La direction générale de la santé a mis en place un système national de surveillance qui s’est récemment
renforcé. Parallèlement à ce dispositif, un groupe d’experts médicaux a été chargé d’élaborer un référentiel de
prise en charge des intoxications oxycarbonées aiguës. L’objectif est de diffuser largement les conclusions de ce
groupe afin d’informer les différents praticiens qui seront tôt ou tard confrontés à ce problème.

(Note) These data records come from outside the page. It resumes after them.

(* Let $q_0\in M$ and $p_0\in\mathbb{R}^n$. The Euclidean gradient of $\hat{J}_1$ at $p_0$ is $\nabla\hat{J}_1(p_0)=K_{q_0}p_0+\alpha(1)$, where $(z(\cdot),\alpha(\cdot))$ is the solution of \begin{equation*} \begin{split} \dot{z}(t)&=\nabla_{q}\big(p(1-t)^TK_{q(1-t)}z(t)\big)-\frac{1}{2}\partial_q\Big(\nabla_q\big(p(1-t)^TK_{q(1-t)}p(1-t)\big)\Big).\alpha(t), \\ \dot{\alpha}(t)&=K_{q(1-t)}z(t)-\partial_q\big(K_{q(1-t)}p(1-t)\big).\alpha(t) \end{split} \end{equation*} with $(z(0),\alpha(0))=(\nabla g(q(1)),0)$, and $(q(t),p(t))$ satisfies the geodesic equations $\dot{q}(t)=K_{q(t)}p(t)$ and $\dot{p}(t) = -\frac{1}{2}\nabla_q(p(t)^TK_{q(t)}p(t))$ for almost every $t\in[0,1]$, with $q(0)=q_0$ and $p(0)=p_0$.
   Context: Finite-dimensional unconstrained setting: the shape space $M$ is an open subset of $X=\mathbb{R}^n$, on which diffeomorphisms of $\mathbb{R}^d$ act with infinitesimal action $\xi_q$; $V$ is a reproducing kernel Hilbert space of vector fields on $\mathbb{R}^d$ with Riesz isometry $K_V:V^*\to V$, and $K_q=\xi_qK_V\xi_q^*$ is identified with an $n\times n$ symmetric positive semi-definite real matrix (the duality bracket being identified with the Euclidean product $p^Tw$). The function $g:M\to\mathbb{R}$ is of class $\mathcal{C}^1$ and $q\mapsto K_q$ is smooth enough (the infinitesimal action $\xi$ being of class $\mathcal{C}^2$). The reduced Hamiltonian is $h(q,p)=\frac{1}{2}p^TK_qp$, and the functional to be minimized over initial momenta is $\hat{J}_1(p_0)=\frac{1}{2}p_0^TK_{q_0}p_0+g(q(1))$, where $(q(\cdot),p(\cdot))$ is the solution of the Hamiltonian system $\dot q=\partial_ph(q,p)$, $\dot p=-\partial_qh(q,p)$ with $(q(0),p(0))=(q_0,p_0)$. The gradient is taken with respect to the canonical Euclidean inner product on $\mathbb{R}^n$. *)

theory Defs
  imports "HOL-Analysis.Analysis"
begin

definition grad :: "('a::euclidean_space \<Rightarrow> real) \<Rightarrow> 'a \<Rightarrow> 'a" where
  "grad f x = (\<Sum>b\<in>Basis. frechet_derivative f (at x) b *\<^sub>R b)"

definition C1_on :: "'a::real_normed_vector set \<Rightarrow> ('a \<Rightarrow> 'b::real_normed_vector) \<Rightarrow> bool" where
  "C1_on S f \<longleftrightarrow> (\<exists>f'. (\<forall>x\<in>S. (f has_derivative blinfun_apply (f' x)) (at x)) \<and> continuous_on S f')"

definition C2_on :: "'a::real_normed_vector set \<Rightarrow> ('a \<Rightarrow> 'b::real_normed_vector) \<Rightarrow> bool" where
  "C2_on S f \<longleftrightarrow> (\<exists>f'. (\<forall>x\<in>S. (f has_derivative blinfun_apply (f' x)) (at x)) \<and> C1_on S f')"
(* Let $Q$ be a finite quandle and let $D$ be a diagram of a knot $K$ with $\mathrm{col}_Q(D)>0$. Then there is a finite simple quandle $Q'$ with $|Q'|\le |Q|$ such that $\mathrm{col}_{Q'}(D)>0$.
   Context: A quandle is a set $C$ with a binary operation $*$ such that for all $a,b,c\in C$: (1) $a*a=a$; (2) for all $a,b$ there is a unique $x$ with $a*x=b$; (3) $a*(b*c)=(a*b)*(a*c)$. A quandle is simple if it has at least two elements and its only congruences (equivalence relations compatible with $*$) are the identity relation and the total relation; equivalently, it has no homomorphic images other than itself (up to isomorphism) and the one-element quandle. A knot diagram is a regular planar projection of an oriented tame knot, with over/under information recorded at each crossing. Arcs are the maximal unbroken pieces of the projection. At each crossing, $\alpha$ denotes the over-arc, $\beta$ the under-arc on the right of the oriented $\alpha$, and $\gamma$ the under-arc on its left. A $Q$-coloring of $D$ is a map $f$ from arcs to $Q$ with $f(\alpha)*f(\beta)=f(\gamma)$ at every crossing. It is trivial if it uses only one color. $\mathrm{col}_Q(D)$ is the number of non-trivial $Q$-colorings of $D$. *)

theory Defs
  imports "HOL-Library.FuncSet"
begin

definition quandle :: "'a set \<Rightarrow> ('a \<Rightarrow> 'a \<Rightarrow> 'a) \<Rightarrow> bool" where
  "quandle C m \<longleftrightarrow>
     (\<forall>a\<in>C. \<forall>b\<in>C. m a b \<in> C) \<and>
     (\<forall>a\<in>C. m a a = a) \<and>
     (\<forall>a\<in>C. \<forall>b\<in>C. \<exists>!x. x \<in> C \<and> m a x = b) \<and>
     (\<forall>a\<in>C. \<forall>b\<in>C. \<forall>c\<in>C. m a (m b c) = m (m a b) (m a c))"

definition quandle_congruence :: "'a set \<Rightarrow> ('a \<Rightarrow> 'a \<Rightarrow> 'a) \<Rightarrow> ('a \<times> 'a) set \<Rightarrow> bool" where
  "quandle_congruence C m R \<longleftrightarrow> equiv C R \<and>
     (\<forall>a\<in>C. \<forall>b\<in>C. \<forall>c\<in>C. \<forall>d\<in>C. (a, b) \<in> R \<and> (c, d) \<in> R \<longrightarrow> (m a c, m b d) \<in> R)"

C’est volontairement que nous nous sommes limités aux intoxications aiguës. Les intoxications subaiguës ou
chroniques, comme par exemple l’intoxication tabagique ou induite par la pollution, sont certainement très
fréquentes et potentiellement dangereuses, mais mériteraient des développements qui ne pouvaient ici être
envisagées.
Concrètement, ces « bonnes pratiques » sont divisées en deux parties. La première « repérer une intoxication
oxycarbonée aiguë » reprend les données physiopathologiques de base, les données épidémiologiques
mondiales et nationales, les causes, et envisage le cas particulier des accidents de travail. Les signes cliniques
et paracliniques de l’intoxication sont ensuite envisagés ainsi que les moyens diagnostiques actuellement
disponibles. La seconde partie « traiter les intoxications oxycarbonées » détaille les principes de la prise en
charge immédiate, tente de préciser les indications de l’oxygénothérapie hyperbare qui reste un sujet de
controverse. Sont ensuite envisagées les modalités de suivi et de surveillance des victimes qui sont souvent peu
connues.
Nous remercions sincèrement tous ceux qui ont participé à l’élaboration de ce document. Nous souhaitons qu’il
participe à la prise de conscience du danger majeur de cette intoxication. Il faut rappeler que Claude Bernard
dans l’introduction à la médecine expérimentale, avait pour la première fois décrit le danger de ce gaz qui rendait
le sang des animaux exposés trop rutilant, comme si ce toxique empêchait l’oxygène de se libérer du sang, ce
qui expliquait la mort inéluctable observée dans ces conditions expérimentales.